### TASK INSTRUCTIONS:
In the entries below, find each line bearing the string "intro" and copy it.

### DATA EXTRACTS:
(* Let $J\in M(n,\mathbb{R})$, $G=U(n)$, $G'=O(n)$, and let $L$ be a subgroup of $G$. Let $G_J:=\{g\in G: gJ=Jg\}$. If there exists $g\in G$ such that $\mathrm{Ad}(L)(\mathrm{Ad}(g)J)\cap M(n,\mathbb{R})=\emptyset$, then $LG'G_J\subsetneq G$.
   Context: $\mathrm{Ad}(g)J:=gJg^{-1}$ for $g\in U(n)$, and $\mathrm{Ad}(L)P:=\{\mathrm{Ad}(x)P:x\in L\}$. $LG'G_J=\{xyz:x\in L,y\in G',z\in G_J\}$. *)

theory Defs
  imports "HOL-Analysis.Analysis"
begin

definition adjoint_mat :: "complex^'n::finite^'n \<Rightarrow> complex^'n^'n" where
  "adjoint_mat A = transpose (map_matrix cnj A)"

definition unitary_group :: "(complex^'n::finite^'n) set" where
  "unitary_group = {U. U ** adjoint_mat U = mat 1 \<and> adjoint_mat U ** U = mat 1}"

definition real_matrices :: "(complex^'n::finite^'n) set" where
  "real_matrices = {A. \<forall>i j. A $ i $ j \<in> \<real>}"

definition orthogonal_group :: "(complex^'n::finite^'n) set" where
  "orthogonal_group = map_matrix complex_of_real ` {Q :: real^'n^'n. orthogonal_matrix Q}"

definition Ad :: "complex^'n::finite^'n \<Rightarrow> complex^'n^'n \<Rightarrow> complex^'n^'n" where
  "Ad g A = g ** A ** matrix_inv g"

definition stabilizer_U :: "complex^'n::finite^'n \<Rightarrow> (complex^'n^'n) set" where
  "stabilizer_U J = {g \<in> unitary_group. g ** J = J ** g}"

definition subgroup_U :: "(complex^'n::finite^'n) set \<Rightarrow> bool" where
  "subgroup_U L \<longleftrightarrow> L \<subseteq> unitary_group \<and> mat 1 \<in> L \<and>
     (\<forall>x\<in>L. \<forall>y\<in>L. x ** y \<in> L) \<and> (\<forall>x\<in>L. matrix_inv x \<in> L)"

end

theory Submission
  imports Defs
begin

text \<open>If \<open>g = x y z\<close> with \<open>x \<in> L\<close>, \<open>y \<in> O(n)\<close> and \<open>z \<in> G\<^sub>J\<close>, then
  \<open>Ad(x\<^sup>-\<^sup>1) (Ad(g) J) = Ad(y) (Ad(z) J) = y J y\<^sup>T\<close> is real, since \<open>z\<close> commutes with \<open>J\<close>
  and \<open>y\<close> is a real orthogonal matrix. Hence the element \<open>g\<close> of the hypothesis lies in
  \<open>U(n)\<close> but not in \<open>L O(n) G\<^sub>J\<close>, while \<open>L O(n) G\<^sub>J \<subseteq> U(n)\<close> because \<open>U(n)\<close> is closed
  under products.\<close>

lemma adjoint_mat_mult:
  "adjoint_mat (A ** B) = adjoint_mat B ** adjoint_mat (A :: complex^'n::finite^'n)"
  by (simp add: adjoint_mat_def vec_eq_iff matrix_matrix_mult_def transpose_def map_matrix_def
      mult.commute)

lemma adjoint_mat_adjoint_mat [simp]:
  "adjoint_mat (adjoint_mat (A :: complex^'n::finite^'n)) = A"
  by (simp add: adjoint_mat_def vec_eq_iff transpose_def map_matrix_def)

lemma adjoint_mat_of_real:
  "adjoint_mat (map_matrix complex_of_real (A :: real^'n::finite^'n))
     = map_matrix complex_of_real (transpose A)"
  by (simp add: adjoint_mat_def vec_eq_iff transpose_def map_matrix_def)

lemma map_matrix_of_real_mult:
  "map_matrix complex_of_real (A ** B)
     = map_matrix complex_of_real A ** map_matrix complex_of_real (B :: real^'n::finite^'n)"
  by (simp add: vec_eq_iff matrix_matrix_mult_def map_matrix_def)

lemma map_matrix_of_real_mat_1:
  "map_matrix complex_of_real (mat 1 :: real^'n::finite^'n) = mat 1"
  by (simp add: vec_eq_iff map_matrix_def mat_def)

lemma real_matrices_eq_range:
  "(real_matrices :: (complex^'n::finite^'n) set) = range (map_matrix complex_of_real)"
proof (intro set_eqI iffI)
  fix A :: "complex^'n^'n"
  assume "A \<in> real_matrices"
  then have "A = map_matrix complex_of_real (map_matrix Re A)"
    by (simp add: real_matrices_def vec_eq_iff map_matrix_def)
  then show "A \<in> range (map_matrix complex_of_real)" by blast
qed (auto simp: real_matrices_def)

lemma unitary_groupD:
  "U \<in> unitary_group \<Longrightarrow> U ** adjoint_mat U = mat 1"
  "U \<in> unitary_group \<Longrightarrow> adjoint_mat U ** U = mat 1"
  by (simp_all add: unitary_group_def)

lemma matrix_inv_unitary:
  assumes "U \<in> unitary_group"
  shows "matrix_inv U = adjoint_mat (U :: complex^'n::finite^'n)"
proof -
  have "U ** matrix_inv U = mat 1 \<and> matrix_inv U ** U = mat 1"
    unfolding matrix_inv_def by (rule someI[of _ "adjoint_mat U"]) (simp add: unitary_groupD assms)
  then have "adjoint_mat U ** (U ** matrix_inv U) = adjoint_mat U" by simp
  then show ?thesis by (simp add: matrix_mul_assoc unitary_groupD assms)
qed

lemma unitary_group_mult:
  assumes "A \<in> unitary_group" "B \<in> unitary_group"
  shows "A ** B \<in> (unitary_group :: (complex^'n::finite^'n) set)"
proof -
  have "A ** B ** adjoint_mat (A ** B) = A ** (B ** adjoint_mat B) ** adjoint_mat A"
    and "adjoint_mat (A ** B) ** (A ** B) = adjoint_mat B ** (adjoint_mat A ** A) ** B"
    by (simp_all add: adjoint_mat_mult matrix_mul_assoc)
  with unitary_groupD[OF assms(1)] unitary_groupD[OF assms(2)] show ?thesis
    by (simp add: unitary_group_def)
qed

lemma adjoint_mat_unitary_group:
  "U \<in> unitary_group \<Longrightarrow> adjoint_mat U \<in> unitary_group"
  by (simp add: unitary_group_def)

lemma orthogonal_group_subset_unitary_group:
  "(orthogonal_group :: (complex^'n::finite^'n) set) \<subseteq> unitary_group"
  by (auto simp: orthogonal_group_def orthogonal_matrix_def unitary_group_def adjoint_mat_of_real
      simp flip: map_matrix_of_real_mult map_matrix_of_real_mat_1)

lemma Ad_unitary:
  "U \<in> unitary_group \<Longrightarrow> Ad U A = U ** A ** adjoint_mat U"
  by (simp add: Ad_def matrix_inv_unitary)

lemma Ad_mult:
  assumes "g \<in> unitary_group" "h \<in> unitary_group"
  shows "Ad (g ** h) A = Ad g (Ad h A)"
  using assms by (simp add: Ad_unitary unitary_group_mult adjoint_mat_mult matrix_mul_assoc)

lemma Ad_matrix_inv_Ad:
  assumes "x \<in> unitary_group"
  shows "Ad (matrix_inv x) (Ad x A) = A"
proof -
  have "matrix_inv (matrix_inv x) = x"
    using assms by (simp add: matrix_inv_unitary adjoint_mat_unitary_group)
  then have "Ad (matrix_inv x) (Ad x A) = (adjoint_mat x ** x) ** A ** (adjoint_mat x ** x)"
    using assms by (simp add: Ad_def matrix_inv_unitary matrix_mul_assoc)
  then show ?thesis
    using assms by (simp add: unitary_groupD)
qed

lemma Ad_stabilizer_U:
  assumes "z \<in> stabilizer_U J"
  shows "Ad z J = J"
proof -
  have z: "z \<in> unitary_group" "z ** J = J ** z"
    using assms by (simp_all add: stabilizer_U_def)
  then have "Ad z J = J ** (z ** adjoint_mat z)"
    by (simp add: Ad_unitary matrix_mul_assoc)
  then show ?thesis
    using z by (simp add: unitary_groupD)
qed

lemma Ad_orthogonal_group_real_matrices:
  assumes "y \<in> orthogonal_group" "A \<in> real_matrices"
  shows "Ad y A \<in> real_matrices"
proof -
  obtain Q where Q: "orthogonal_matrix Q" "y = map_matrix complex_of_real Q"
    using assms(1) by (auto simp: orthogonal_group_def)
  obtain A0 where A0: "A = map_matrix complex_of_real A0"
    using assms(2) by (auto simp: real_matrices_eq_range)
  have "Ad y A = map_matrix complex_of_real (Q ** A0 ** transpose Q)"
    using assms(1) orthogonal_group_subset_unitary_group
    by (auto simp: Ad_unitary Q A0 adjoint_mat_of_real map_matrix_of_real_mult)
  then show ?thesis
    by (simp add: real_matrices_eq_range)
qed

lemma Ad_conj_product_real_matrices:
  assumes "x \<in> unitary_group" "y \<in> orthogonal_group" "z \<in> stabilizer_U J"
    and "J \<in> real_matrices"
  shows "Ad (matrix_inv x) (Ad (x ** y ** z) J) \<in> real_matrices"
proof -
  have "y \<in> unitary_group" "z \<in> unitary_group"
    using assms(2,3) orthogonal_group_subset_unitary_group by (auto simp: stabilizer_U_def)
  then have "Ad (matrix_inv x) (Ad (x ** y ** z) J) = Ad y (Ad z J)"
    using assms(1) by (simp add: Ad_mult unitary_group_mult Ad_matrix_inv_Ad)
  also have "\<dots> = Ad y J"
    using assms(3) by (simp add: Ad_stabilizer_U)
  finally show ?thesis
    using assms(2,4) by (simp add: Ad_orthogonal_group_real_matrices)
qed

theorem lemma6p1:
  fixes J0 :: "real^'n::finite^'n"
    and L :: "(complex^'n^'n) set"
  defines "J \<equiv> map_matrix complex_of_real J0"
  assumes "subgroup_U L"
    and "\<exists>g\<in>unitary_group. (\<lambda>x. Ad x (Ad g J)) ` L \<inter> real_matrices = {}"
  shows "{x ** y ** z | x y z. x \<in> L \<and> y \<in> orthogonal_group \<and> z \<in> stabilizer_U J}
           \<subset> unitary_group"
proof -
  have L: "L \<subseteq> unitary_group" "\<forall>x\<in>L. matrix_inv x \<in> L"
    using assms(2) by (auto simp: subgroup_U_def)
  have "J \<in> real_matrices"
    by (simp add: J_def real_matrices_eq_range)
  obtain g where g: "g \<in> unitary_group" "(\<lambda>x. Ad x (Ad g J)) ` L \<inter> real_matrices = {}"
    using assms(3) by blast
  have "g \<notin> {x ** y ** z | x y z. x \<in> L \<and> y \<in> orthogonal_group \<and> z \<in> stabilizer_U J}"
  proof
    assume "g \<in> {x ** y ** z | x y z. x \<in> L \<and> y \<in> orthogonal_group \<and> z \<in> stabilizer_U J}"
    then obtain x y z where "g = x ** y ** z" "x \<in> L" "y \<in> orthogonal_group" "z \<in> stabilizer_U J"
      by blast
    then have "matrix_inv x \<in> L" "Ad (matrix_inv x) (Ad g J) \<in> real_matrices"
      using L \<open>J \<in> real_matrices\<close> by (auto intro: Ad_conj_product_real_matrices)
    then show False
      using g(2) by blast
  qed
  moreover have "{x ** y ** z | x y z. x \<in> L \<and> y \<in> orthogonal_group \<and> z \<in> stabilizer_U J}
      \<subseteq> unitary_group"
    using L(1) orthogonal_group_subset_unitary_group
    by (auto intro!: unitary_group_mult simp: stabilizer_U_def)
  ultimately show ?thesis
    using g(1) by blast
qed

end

### EXERCISE SOLUTION:
proof (intro set_eqI iffI)
      using L \<open>J \<in> real_matrices\<close> by (auto intro: Ad_conj_product_real_matrices)
    by (auto intro!: unitary_group_mult simp: stabilizer_U_def)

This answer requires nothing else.